====== Given entries ======

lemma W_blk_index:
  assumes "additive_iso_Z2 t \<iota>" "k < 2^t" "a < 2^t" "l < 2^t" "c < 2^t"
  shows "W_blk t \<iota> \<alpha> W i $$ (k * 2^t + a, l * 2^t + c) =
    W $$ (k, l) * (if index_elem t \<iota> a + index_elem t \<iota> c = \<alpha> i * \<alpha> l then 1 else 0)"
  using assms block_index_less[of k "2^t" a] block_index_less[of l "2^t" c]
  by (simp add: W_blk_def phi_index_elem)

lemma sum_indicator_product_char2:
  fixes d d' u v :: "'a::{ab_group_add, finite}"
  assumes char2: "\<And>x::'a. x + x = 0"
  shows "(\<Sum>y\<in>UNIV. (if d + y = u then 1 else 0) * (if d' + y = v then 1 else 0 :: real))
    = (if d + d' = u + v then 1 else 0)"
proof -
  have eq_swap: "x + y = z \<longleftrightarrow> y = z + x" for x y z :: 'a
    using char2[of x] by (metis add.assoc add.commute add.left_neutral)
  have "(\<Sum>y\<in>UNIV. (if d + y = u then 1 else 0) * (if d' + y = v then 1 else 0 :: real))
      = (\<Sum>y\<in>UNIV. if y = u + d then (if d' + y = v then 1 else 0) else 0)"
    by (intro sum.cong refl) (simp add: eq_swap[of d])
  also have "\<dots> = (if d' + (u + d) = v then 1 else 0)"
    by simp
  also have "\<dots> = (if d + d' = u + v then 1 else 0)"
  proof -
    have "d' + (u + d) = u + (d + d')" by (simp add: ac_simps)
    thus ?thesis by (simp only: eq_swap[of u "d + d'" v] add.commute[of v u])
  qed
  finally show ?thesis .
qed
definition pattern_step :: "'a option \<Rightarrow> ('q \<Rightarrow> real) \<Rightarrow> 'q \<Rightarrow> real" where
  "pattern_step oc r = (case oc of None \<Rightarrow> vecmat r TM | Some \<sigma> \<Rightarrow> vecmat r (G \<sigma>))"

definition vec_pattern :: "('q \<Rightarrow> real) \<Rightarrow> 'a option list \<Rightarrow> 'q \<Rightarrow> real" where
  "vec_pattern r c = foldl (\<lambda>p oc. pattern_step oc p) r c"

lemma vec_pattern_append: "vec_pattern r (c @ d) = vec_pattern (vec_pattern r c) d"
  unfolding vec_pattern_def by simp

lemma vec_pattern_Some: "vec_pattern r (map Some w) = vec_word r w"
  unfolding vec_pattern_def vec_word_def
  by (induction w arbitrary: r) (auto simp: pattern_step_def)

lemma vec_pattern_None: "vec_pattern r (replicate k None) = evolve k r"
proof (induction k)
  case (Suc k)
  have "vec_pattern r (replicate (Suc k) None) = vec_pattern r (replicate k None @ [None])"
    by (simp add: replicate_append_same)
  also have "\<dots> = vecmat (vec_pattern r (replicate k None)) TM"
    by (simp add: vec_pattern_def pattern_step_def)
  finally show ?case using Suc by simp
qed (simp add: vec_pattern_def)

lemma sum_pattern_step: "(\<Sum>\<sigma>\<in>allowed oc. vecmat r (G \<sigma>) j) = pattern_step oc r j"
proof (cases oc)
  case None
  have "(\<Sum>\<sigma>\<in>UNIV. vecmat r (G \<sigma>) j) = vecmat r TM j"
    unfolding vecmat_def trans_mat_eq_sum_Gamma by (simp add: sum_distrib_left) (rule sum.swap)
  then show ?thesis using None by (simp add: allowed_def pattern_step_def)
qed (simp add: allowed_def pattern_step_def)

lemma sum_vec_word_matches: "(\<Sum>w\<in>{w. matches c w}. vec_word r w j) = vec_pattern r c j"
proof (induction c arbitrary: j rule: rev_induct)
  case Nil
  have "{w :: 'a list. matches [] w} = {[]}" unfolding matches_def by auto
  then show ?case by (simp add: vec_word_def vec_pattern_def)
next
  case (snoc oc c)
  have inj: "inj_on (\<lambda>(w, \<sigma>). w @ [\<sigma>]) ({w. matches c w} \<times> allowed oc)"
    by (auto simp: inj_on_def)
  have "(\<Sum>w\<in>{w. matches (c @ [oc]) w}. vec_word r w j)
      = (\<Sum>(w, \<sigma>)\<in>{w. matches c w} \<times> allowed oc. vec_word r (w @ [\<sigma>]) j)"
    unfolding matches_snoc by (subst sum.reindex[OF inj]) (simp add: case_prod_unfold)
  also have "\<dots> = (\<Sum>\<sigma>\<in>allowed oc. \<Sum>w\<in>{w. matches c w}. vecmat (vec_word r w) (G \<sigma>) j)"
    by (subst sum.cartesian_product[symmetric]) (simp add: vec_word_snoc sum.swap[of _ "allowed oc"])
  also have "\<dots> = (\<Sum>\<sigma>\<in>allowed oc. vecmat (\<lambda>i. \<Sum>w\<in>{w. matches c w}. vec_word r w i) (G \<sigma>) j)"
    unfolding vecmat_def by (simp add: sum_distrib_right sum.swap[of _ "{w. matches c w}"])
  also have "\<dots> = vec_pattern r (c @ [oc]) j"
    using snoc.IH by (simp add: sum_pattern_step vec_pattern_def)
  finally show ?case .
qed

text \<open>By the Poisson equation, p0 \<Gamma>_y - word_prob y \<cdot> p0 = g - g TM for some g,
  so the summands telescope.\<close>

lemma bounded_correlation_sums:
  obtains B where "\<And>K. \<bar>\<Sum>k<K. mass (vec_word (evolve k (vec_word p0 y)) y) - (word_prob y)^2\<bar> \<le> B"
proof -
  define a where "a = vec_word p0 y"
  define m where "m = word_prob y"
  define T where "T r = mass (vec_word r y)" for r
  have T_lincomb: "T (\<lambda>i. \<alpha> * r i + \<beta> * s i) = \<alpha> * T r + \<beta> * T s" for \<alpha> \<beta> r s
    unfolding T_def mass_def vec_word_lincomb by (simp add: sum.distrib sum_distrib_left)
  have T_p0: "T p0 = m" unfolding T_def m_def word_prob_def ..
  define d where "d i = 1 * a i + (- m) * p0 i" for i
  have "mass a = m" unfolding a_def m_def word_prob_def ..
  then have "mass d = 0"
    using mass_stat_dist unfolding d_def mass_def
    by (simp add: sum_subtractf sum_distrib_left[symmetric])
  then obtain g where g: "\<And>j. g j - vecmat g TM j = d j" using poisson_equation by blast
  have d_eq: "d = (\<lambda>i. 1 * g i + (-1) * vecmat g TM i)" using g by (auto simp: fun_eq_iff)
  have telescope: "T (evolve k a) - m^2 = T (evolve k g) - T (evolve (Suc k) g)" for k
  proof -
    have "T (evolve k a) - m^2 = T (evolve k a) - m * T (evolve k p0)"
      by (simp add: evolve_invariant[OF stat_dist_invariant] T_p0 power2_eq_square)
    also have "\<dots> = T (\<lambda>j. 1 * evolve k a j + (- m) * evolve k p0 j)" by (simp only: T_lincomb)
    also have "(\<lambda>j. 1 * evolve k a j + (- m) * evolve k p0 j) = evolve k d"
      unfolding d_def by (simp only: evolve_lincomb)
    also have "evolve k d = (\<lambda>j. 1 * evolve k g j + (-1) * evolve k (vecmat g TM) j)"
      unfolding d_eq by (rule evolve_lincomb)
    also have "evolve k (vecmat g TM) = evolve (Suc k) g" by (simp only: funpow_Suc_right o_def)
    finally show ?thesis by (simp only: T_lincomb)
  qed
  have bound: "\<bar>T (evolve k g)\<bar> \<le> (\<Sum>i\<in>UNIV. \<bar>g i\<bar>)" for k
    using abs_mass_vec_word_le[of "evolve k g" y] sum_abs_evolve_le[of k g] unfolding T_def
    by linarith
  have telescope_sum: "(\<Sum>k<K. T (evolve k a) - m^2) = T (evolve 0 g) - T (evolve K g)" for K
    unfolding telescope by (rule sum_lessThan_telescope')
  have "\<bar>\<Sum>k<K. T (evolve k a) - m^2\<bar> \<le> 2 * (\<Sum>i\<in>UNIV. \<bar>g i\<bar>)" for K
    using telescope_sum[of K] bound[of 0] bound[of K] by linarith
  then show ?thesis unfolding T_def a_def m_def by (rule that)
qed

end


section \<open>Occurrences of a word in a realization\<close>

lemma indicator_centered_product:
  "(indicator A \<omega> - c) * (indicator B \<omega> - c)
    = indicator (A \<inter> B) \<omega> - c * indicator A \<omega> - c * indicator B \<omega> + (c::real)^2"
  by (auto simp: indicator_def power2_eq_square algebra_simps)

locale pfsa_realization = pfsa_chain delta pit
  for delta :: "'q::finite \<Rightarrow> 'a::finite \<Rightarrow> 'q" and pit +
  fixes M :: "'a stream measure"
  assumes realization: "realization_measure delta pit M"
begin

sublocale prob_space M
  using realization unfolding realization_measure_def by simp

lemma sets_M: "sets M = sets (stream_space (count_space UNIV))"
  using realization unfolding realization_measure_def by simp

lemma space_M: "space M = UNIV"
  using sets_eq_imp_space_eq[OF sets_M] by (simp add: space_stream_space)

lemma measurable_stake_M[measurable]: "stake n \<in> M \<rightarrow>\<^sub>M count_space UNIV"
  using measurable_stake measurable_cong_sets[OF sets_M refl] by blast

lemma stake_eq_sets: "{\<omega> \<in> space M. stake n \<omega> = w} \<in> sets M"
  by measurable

======

Using the records above, copy word for word the line with "unfolding vec_pattern_def by simp", the line with "qed (simp add: allowed_def pattern_step_def)", and every line between them.

**Answer box:**
  unfolding vec_pattern_def by simp

lemma vec_pattern_Some: "vec_pattern r (map Some w) = vec_word r w"
  unfolding vec_pattern_def vec_word_def
  by (induction w arbitrary: r) (auto simp: pattern_step_def)

lemma vec_pattern_None: "vec_pattern r (replicate k None) = evolve k r"
proof (induction k)
  case (Suc k)
  have "vec_pattern r (replicate (Suc k) None) = vec_pattern r (replicate k None @ [None])"
    by (simp add: replicate_append_same)
  also have "\<dots> = vecmat (vec_pattern r (replicate k None)) TM"
    by (simp add: vec_pattern_def pattern_step_def)
  finally show ?case using Suc by simp
qed (simp add: vec_pattern_def)

lemma sum_pattern_step: "(\<Sum>\<sigma>\<in>allowed oc. vecmat r (G \<sigma>) j) = pattern_step oc r j"
proof (cases oc)
  case None
  have "(\<Sum>\<sigma>\<in>UNIV. vecmat r (G \<sigma>) j) = vecmat r TM j"
    unfolding vecmat_def trans_mat_eq_sum_Gamma by (simp add: sum_distrib_left) (rule sum.swap)
  then show ?thesis using None by (simp add: allowed_def pattern_step_def)
qed (simp add: allowed_def pattern_step_def)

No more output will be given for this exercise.